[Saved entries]
***

lemma card_agrees_only_le_1:
  assumes "i < 3" and nonempty: "\<And>j. j < 3 \<Longrightarrow> agrees_only j \<noteq> {}"
  shows "card (agrees_only i) \<le> 1"
proof -
  have "\<exists>j<3. \<exists>k<3. i \<noteq> j \<and> i \<noteq> k \<and> j \<noteq> k"
    by presburger
  then obtain j k where jk: "j < 3" "k < 3" "i \<noteq> j" "i \<noteq> k" "j \<noteq> k"
    by blast
  obtain D where D: "D \<in> agrees_only k"
    using nonempty[OF \<open>k < 3\<close>] by blast
  have "B = B'" if B: "B \<in> agrees_only i" and B': "B' \<in> agrees_only i" for B B'
  proof (rule inj_onD[OF inj_on_agrees_only[OF assms(1) jk(1,3) nonempty[OF jk(1)]] _ B B'])
    show "B ! j = B' ! j"
      using agrees_only_third_coord[OF B D] agrees_only_third_coord[OF B' D] assms(1) jk by simp
  qed
  then show ?thesis
    using finite_subset[OF agrees_only_subset finite_family] by (simp add: card_le_Suc0_iff_eq)
qed

lemma agrees_only_not_alone:
  assumes "i < 3" and "agrees_only i \<noteq> {}"
  shows "\<exists>j<3. j \<noteq> i \<and> agrees_only j \<noteq> {}"
proof -
  obtain B where B: "B \<in> F" "B ! i \<noteq> A ! i"
    using uncovered_coord[OF assms(1)] by blast
  then have "B \<noteq> A"
    by blast
  with B family_cover obtain l where "l < 3" and "B \<in> differs_only l \<or> B \<in> agrees_only l"
    by blast
  moreover have "B \<notin> differs_only i"
    using differs_only_empty[OF assms] by blast
  ultimately have "B \<in> agrees_only l" and "l \<noteq> i"
    using differs_only_coord[of B _ i] agrees_only_coord[of B l i] assms(1) B(2) by auto
  with \<open>l < 3\<close> show ?thesis
    by blast
qed

lemma sum_card_parts_le:
  "(\<Sum>l<3. card (differs_only l) + card (agrees_only l)) \<le> (\<Sum>l<3. ns ! l - 1)"
proof -
  consider "\<forall>l<3. agrees_only l = {}" | "\<forall>l<3. agrees_only l \<noteq> {}"
    | k i where "k < 3" "agrees_only k = {}" "i < 3" "agrees_only i \<noteq> {}"
    by blast
  then show ?thesis
  proof cases
    case 1
    then show ?thesis
      using card_differs_only by (intro sum_mono) simp
  next
    case 2
    then show ?thesis
      using differs_only_empty card_agrees_only_le_1 two_le_part_size by (intro sum_mono) fastforce
  next
    case 3
    then obtain j where j: "j < 3" "j \<noteq> i" "agrees_only j \<noteq> {}"
      using agrees_only_not_alone by blast
    with 3 have "k \<noteq> i" "k \<noteq> j"
      by auto
    with 3 j have "card (differs_only i) + card (agrees_only i) \<le> ns ! j - 1"
      and "card (differs_only j) + card (agrees_only j) \<le> ns ! i - 1"
      and "card (differs_only k) + card (agrees_only k) \<le> ns ! k - 1"
      using differs_only_empty card_agrees_only card_differs_only by simp_all
    with 3 j \<open>k \<noteq> i\<close> \<open>k \<noteq> j\<close> show ?thesis
      by (simp add: sum_less_3[of i j k])
  qed
qed

lemma card_family_le: "card F + 2 \<le> sum_list ns"
proof -
  have "card F \<le> card (insert A (\<Union>l<3. differs_only l \<union> agrees_only l))"
    using family_cover finite_subset[OF differs_only_subset finite_family]
      finite_subset[OF agrees_only_subset finite_family]
    by (intro card_mono) auto
  also have "\<dots> \<le> Suc (card (\<Union>l<3. differs_only l \<union> agrees_only l))"
    by (rule card_insert_le_m1) simp_all
  also have "\<dots> \<le> Suc (\<Sum>l<3. card (differs_only l \<union> agrees_only l))"
    by (simp add: card_UN_le)
  also have "\<dots> \<le> Suc (\<Sum>l<3. card (differs_only l) + card (agrees_only l))"
    by (intro Suc_le_mono[THEN iffD2] sum_mono card_Un_le)
  also have "\<dots> \<le> Suc (\<Sum>l<3. ns ! l - 1)"
    using sum_card_parts_le by simp
  finally have "card F \<le> Suc (\<Sum>l<3. ns ! l - 1)" .
  moreover have "sum_list ns = (\<Sum>l<3. ns ! l)"
    using length_ns by (simp add: sum_list_sum_nth atLeast0LessThan)
  ultimately show ?thesis
    using two_le_part_size[of 0] two_le_part_size[of 1] two_le_part_size[of 2]
    by (simp add: sum_less_3[of 0 1 2])
qed

end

***

## Task prompt
Retype every line above with nothing changed.

## Output below
lemma card_agrees_only_le_1:
  assumes "i < 3" and nonempty: "\<And>j. j < 3 \<Longrightarrow> agrees_only j \<noteq> {}"
  shows "card (agrees_only i) \<le> 1"
proof -
  have "\<exists>j<3. \<exists>k<3. i \<noteq> j \<and> i \<noteq> k \<and> j \<noteq> k"
    by presburger
  then obtain j k where jk: "j < 3" "k < 3" "i \<noteq> j" "i \<noteq> k" "j \<noteq> k"
    by blast
  obtain D where D: "D \<in> agrees_only k"
    using nonempty[OF \<open>k < 3\<close>] by blast
  have "B = B'" if B: "B \<in> agrees_only i" and B': "B' \<in> agrees_only i" for B B'
  proof (rule inj_onD[OF inj_on_agrees_only[OF assms(1) jk(1,3) nonempty[OF jk(1)]] _ B B'])
    show "B ! j = B' ! j"
      using agrees_only_third_coord[OF B D] agrees_only_third_coord[OF B' D] assms(1) jk by simp
  qed
  then show ?thesis
    using finite_subset[OF agrees_only_subset finite_family] by (simp add: card_le_Suc0_iff_eq)
qed

lemma agrees_only_not_alone:
  assumes "i < 3" and "agrees_only i \<noteq> {}"
  shows "\<exists>j<3. j \<noteq> i \<and> agrees_only j \<noteq> {}"
proof -
  obtain B where B: "B \<in> F" "B ! i \<noteq> A ! i"
    using uncovered_coord[OF assms(1)] by blast
  then have "B \<noteq> A"
    by blast
  with B family_cover obtain l where "l < 3" and "B \<in> differs_only l \<or> B \<in> agrees_only l"
    by blast
  moreover have "B \<notin> differs_only i"
    using differs_only_empty[OF assms] by blast
  ultimately have "B \<in> agrees_only l" and "l \<noteq> i"
    using differs_only_coord[of B _ i] agrees_only_coord[of B l i] assms(1) B(2) by auto
  with \<open>l < 3\<close> show ?thesis
    by blast
qed

lemma sum_card_parts_le:
  "(\<Sum>l<3. card (differs_only l) + card (agrees_only l)) \<le> (\<Sum>l<3. ns ! l - 1)"
proof -
  consider "\<forall>l<3. agrees_only l = {}" | "\<forall>l<3. agrees_only l \<noteq> {}"
    | k i where "k < 3" "agrees_only k = {}" "i < 3" "agrees_only i \<noteq> {}"
    by blast
  then show ?thesis
  proof cases
    case 1
    then show ?thesis
      using card_differs_only by (intro sum_mono) simp
  next
    case 2
    then show ?thesis
      using differs_only_empty card_agrees_only_le_1 two_le_part_size by (intro sum_mono) fastforce
  next
    case 3
    then obtain j where j: "j < 3" "j \<noteq> i" "agrees_only j \<noteq> {}"
      using agrees_only_not_alone by blast
    with 3 have "k \<noteq> i" "k \<noteq> j"
      by auto
    with 3 j have "card (differs_only i) + card (agrees_only i) \<le> ns ! j - 1"
      and "card (differs_only j) + card (agrees_only j) \<le> ns ! i - 1"
      and "card (differs_only k) + card (agrees_only k) \<le> ns ! k - 1"
      using differs_only_empty card_agrees_only card_differs_only by simp_all
    with 3 j \<open>k \<noteq> i\<close> \<open>k \<noteq> j\<close> show ?thesis
      by (simp add: sum_less_3[of i j k])
  qed
qed

lemma card_family_le: "card F + 2 \<le> sum_list ns"
proof -
  have "card F \<le> card (insert A (\<Union>l<3. differs_only l \<union> agrees_only l))"
    using family_cover finite_subset[OF differs_only_subset finite_family]
      finite_subset[OF agrees_only_subset finite_family]
    by (intro card_mono) auto
  also have "\<dots> \<le> Suc (card (\<Union>l<3. differs_only l \<union> agrees_only l))"
    by (rule card_insert_le_m1) simp_all
  also have "\<dots> \<le> Suc (\<Sum>l<3. card (differs_only l \<union> agrees_only l))"
    by (simp add: card_UN_le)
  also have "\<dots> \<le> Suc (\<Sum>l<3. card (differs_only l) + card (agrees_only l))"
    by (intro Suc_le_mono[THEN iffD2] sum_mono card_Un_le)
  also have "\<dots> \<le> Suc (\<Sum>l<3. ns ! l - 1)"
    using sum_card_parts_le by simp
  finally have "card F \<le> Suc (\<Sum>l<3. ns ! l - 1)" .
  moreover have "sum_list ns = (\<Sum>l<3. ns ! l)"
    using length_ns by (simp add: sum_list_sum_nth atLeast0LessThan)
  ultimately show ?thesis
    using two_le_part_size[of 0] two_le_part_size[of 1] two_le_part_size[of 2]
    by (simp add: sum_less_3[of 0 1 2])
qed

end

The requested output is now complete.